* **INSTRUCTIONS FOR THE TASK**
Restate word for word the lines of the material below, from the line with "by (rule poly_roots_finite)" to the line with "by eventually_elim (rule", both lines included, and no others.

* **GIVEN ENTRIES**
lemma poly_fun_along_line: "poly_fun f \<Longrightarrow> \<exists>p. \<forall>t. f (a + t *\<^sub>R b) = poly p t"
proof (induction rule: poly_fun.induct)
  case (const c)
  show ?case by (rule exI[of _ "[:c:]"]) simp
next
  case (coord i)
  show ?case by (rule exI[of _ "[:a $ i, b $ i:]"]) simp
next
  case (add f g)
  then obtain p q where "\<forall>t. f (a + t *\<^sub>R b) = poly p t" "\<forall>t. g (a + t *\<^sub>R b) = poly q t"
    by blast
  then show ?case by (intro exI[of _ "p + q"]) simp
next
  case (mult f g)
  then obtain p q where "\<forall>t. f (a + t *\<^sub>R b) = poly p t" "\<forall>t. g (a + t *\<^sub>R b) = poly q t"
    by blast
  then show ?case by (intro exI[of _ "p * q"]) simp
qed

lemma poly_fun_nonzero_dense:
  assumes f: "poly_fun f" and v0: "f v0 \<noteq> 0"
  shows "closure {v. f v \<noteq> 0} = UNIV"
proof (intro set_eqI iffI UNIV_I)
  fix w
  let ?line = "\<lambda>t::real. w + t *\<^sub>R (v0 - w)"
  obtain p where p: "\<And>t. f (?line t) = poly p t"
    using poly_fun_along_line[OF f] by blast
  have "p \<noteq> 0"
    using p[of 1] v0 by auto
  then have "finite {t. poly p t = 0}"
    by (rule poly_roots_finite)
  then have "eventually (\<lambda>t. t \<notin> {t. poly p t = 0}) (at 0)"
    using islimpt_finite islimpt_iff_eventually by blast
  then have near: "eventually (\<lambda>t. ?line t \<in> closure {v. f v \<noteq> 0}) (at 0)"
    by eventually_elim (rule closure_subset[THEN subsetD], simp add: p)
  have "(?line \<longlongrightarrow> w + 0 *\<^sub>R (v0 - w)) (at 0)"
    by (intro tendsto_intros)
  then show "w \<in> closure {v. f v \<noteq> 0}"
    using Lim_in_closed_set[OF closed_closure near at_neq_bot] by simp
qed

lemma matrix_inv_mult:
  fixes A :: "'a::semiring_1^'n^'n"
  assumes "invertible A"
  shows "A ** matrix_inv A = mat 1" "matrix_inv A ** A = mat 1"
  using someI_ex[OF assms[unfolded invertible_def]] by (simp_all add: matrix_inv_def)

lemma sum_matrix_vector_mult:
  "finite K \<Longrightarrow> (\<Sum>k\<in>K. F k) *v y = (\<Sum>k\<in>K. F k *v (y::'a::comm_semiring_1^'n))"
  by (induction K rule: finite_induct) (auto simp: matrix_vector_mult_add_rdistrib)

lemma mpow_0: "mpow M 0 = mat 1"
  by (simp add: mpow_def)

lemma mpow_Suc: "mpow M (Suc k) = M ** mpow M k"
  by (simp add: mpow_def)

lemma mpow_conj_mult_vector:
  assumes "Ti ** T = mat 1"
  shows "mpow (T ** M ** Ti) k *v (T *v y) = T *v (mpow M k *v y)"
proof (induction k)
  case 0
  show ?case by (simp add: mpow_0)
next
  case (Suc k)
  have "mpow (T ** M ** Ti) (Suc k) *v (T *v y) = (T ** M ** Ti) *v (T *v (mpow M k *v y))"
    by (simp add: mpow_Suc Suc matrix_vector_mul_assoc[symmetric])
  also have "\<dots> = T *v (M *v ((Ti ** T) *v (mpow M k *v y)))"
    by (simp add: matrix_vector_mul_assoc matrix_mul_assoc)
  finally show ?case
    by (simp add: assms mpow_Suc matrix_vector_mul_assoc)
qed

* **ANSWER TO THIS EXERCISE**
    by (rule poly_roots_finite)
  then have "eventually (\<lambda>t. t \<notin> {t. poly p t = 0}) (at 0)"
    using islimpt_finite islimpt_iff_eventually by blast
  then have near: "eventually (\<lambda>t. ?line t \<in> closure {v. f v \<noteq> 0}) (at 0)"
    by eventually_elim (rule closure_subset[THEN subsetD], simp add: p)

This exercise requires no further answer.